[Entries shown]
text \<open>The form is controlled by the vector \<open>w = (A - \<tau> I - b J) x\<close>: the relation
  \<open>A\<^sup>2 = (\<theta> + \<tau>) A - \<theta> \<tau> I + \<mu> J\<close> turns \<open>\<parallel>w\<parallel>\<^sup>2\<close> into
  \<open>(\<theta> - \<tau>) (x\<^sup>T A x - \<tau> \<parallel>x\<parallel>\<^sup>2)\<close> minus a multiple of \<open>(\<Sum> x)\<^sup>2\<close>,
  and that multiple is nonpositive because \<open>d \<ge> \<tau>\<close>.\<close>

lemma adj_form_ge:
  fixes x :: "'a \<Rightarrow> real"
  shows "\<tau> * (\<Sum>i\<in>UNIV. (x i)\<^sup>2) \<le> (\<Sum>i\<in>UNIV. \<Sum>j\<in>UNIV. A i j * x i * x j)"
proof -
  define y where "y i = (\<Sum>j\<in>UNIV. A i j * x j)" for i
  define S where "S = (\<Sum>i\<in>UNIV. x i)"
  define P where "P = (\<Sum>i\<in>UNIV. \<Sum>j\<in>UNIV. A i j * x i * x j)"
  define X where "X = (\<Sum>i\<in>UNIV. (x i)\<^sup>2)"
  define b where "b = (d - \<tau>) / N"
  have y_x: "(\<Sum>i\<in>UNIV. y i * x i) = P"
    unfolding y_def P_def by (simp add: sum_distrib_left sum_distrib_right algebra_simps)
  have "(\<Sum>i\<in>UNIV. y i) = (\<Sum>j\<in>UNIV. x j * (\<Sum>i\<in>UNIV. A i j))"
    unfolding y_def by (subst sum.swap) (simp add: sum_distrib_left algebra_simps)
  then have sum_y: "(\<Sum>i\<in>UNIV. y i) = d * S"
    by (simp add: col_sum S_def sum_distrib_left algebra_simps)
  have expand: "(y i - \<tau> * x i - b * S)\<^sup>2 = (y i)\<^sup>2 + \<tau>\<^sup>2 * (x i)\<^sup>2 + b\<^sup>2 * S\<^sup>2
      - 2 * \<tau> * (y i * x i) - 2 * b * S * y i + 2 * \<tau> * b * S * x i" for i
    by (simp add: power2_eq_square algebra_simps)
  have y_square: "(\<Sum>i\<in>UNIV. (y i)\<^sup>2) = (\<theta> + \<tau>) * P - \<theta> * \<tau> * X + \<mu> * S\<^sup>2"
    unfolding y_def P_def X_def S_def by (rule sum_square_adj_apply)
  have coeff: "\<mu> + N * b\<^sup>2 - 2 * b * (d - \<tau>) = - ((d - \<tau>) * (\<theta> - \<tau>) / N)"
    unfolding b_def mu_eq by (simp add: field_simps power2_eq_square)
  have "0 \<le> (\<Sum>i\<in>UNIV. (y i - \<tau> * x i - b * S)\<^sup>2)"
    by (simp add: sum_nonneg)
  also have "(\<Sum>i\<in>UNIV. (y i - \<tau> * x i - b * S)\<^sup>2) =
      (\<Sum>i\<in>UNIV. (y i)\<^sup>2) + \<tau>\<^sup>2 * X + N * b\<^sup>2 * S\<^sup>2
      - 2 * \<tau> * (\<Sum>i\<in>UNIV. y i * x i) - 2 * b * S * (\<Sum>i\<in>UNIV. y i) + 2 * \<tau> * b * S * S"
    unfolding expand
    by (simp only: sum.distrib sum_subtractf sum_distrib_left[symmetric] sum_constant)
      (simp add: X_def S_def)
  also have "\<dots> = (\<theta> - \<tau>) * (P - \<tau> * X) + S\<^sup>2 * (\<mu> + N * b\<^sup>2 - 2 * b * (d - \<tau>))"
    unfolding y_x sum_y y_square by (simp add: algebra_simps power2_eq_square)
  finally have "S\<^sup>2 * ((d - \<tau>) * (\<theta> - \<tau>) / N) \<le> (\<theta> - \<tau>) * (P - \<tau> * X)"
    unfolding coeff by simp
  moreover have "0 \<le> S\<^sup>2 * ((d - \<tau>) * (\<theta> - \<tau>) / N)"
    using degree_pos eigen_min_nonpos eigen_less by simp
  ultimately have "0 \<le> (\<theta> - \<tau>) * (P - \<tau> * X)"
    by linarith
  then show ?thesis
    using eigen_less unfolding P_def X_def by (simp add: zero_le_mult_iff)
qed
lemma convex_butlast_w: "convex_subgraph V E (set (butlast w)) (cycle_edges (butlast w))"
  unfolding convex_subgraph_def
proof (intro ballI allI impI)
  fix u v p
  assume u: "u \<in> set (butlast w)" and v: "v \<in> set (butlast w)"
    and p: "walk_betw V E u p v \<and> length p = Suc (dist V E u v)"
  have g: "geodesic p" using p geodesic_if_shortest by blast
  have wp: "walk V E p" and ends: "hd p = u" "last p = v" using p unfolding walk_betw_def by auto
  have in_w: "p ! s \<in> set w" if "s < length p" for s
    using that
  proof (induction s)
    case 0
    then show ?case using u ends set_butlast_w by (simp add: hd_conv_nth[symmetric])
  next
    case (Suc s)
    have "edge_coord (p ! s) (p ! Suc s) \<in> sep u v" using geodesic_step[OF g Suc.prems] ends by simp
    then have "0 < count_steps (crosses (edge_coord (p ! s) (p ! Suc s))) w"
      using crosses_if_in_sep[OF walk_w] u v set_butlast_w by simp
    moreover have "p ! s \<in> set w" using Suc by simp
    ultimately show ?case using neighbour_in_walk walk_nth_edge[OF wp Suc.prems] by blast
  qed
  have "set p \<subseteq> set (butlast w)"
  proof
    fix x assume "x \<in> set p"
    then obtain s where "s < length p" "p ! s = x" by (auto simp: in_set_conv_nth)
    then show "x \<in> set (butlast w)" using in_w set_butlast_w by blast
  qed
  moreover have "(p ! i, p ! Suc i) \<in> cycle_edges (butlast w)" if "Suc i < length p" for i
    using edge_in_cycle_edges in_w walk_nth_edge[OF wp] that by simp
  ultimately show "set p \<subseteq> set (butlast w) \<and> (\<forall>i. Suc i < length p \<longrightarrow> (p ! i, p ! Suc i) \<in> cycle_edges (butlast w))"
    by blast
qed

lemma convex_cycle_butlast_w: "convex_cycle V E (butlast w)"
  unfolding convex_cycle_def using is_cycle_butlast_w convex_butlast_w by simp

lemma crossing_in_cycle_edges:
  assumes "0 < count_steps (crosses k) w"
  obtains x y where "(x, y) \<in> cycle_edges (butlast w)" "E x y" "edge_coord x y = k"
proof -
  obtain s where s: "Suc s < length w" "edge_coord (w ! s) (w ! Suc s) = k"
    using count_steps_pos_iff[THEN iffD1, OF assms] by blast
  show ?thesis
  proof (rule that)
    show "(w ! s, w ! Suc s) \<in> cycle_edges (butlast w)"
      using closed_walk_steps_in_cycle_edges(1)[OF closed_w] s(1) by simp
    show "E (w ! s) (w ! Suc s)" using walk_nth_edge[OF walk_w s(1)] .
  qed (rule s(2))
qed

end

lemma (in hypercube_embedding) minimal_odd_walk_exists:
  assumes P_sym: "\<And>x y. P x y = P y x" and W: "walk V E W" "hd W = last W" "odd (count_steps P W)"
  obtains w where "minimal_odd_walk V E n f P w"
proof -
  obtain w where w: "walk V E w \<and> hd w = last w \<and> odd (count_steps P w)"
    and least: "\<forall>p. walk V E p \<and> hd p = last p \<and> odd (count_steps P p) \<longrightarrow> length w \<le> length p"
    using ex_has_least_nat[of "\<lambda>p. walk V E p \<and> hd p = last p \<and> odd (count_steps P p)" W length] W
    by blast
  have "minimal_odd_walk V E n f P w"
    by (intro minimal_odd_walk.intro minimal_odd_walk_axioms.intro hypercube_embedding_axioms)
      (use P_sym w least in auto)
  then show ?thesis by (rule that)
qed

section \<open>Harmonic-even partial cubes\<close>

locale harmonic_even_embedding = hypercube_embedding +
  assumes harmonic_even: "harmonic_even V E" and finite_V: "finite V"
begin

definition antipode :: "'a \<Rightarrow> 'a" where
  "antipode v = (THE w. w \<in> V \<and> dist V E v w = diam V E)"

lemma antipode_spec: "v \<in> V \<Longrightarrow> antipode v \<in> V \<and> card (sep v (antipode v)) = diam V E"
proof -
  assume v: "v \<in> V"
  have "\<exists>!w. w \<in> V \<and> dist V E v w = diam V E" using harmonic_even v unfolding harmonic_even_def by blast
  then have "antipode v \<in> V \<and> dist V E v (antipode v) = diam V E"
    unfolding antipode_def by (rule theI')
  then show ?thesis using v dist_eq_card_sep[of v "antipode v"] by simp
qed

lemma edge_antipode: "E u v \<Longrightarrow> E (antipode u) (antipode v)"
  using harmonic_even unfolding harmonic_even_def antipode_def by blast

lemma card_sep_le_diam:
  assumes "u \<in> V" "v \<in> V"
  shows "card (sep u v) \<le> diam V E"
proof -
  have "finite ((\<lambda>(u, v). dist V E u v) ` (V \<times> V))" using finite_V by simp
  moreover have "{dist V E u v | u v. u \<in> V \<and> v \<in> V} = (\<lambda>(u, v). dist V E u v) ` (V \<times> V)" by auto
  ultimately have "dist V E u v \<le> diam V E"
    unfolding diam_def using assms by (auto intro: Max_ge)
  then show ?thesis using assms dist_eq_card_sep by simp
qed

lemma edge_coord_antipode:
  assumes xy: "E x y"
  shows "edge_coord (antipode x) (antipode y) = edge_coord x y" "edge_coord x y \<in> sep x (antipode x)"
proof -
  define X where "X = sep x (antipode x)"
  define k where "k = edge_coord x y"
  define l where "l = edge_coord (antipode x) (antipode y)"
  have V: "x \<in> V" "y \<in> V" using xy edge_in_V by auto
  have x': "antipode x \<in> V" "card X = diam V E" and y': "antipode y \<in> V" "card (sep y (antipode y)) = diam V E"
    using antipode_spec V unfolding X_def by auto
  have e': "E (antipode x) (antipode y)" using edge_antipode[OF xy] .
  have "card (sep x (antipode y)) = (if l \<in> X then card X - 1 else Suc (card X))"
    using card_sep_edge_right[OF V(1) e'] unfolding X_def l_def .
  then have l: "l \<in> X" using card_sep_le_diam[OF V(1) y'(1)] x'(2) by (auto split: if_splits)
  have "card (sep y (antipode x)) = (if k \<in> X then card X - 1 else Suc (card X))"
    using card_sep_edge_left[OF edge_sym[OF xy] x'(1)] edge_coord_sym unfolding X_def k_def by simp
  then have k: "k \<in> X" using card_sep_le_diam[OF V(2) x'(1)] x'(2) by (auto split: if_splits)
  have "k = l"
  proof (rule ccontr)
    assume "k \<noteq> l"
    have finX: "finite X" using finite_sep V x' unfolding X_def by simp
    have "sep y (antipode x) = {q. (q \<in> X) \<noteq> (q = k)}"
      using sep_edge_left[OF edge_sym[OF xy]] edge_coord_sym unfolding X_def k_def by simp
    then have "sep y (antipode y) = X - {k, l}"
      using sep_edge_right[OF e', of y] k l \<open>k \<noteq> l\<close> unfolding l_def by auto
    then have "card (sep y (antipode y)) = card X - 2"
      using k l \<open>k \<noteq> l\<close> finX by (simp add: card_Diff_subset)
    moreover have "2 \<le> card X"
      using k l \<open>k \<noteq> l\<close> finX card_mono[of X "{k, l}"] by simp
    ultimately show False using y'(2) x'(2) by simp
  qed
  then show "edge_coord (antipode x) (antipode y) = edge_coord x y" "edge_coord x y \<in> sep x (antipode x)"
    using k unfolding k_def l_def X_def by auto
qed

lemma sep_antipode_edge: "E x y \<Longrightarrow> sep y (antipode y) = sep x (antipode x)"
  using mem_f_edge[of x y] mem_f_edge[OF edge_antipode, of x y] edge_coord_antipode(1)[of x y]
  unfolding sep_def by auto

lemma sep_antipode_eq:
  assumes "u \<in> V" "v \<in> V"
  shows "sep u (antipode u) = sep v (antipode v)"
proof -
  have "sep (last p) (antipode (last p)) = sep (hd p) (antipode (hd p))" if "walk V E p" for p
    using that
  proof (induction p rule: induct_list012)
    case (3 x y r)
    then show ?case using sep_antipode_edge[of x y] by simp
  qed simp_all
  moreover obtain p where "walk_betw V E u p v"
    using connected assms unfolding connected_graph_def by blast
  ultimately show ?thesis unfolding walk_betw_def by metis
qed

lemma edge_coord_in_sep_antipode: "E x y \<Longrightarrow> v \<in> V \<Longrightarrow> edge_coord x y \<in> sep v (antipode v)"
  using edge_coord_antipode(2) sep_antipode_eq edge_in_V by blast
[/Entries shown]
> [Task requirements] Of the entries above, repeat exactly the lines between the line with "(use P_sym w least in auto)" and the line with "u v \<Longrightarrow>", inclusive, and no others.

> [Answer area]
      (use P_sym w least in auto)
  then show ?thesis by (rule that)
qed

section \<open>Harmonic-even partial cubes\<close>

locale harmonic_even_embedding = hypercube_embedding +
  assumes harmonic_even: "harmonic_even V E" and finite_V: "finite V"
begin

definition antipode :: "'a \<Rightarrow> 'a" where
  "antipode v = (THE w. w \<in> V \<and> dist V E v w = diam V E)"

lemma antipode_spec: "v \<in> V \<Longrightarrow> antipode v \<in> V \<and> card (sep v (antipode v)) = diam V E"
proof -
  assume v: "v \<in> V"
  have "\<exists>!w. w \<in> V \<and> dist V E v w = diam V E" using harmonic_even v unfolding harmonic_even_def by blast
  then have "antipode v \<in> V \<and> dist V E v (antipode v) = diam V E"
    unfolding antipode_def by (rule theI')
  then show ?thesis using v dist_eq_card_sep[of v "antipode v"] by simp
qed

lemma edge_antipode: "E u v \<Longrightarrow> E (antipode u) (antipode v)"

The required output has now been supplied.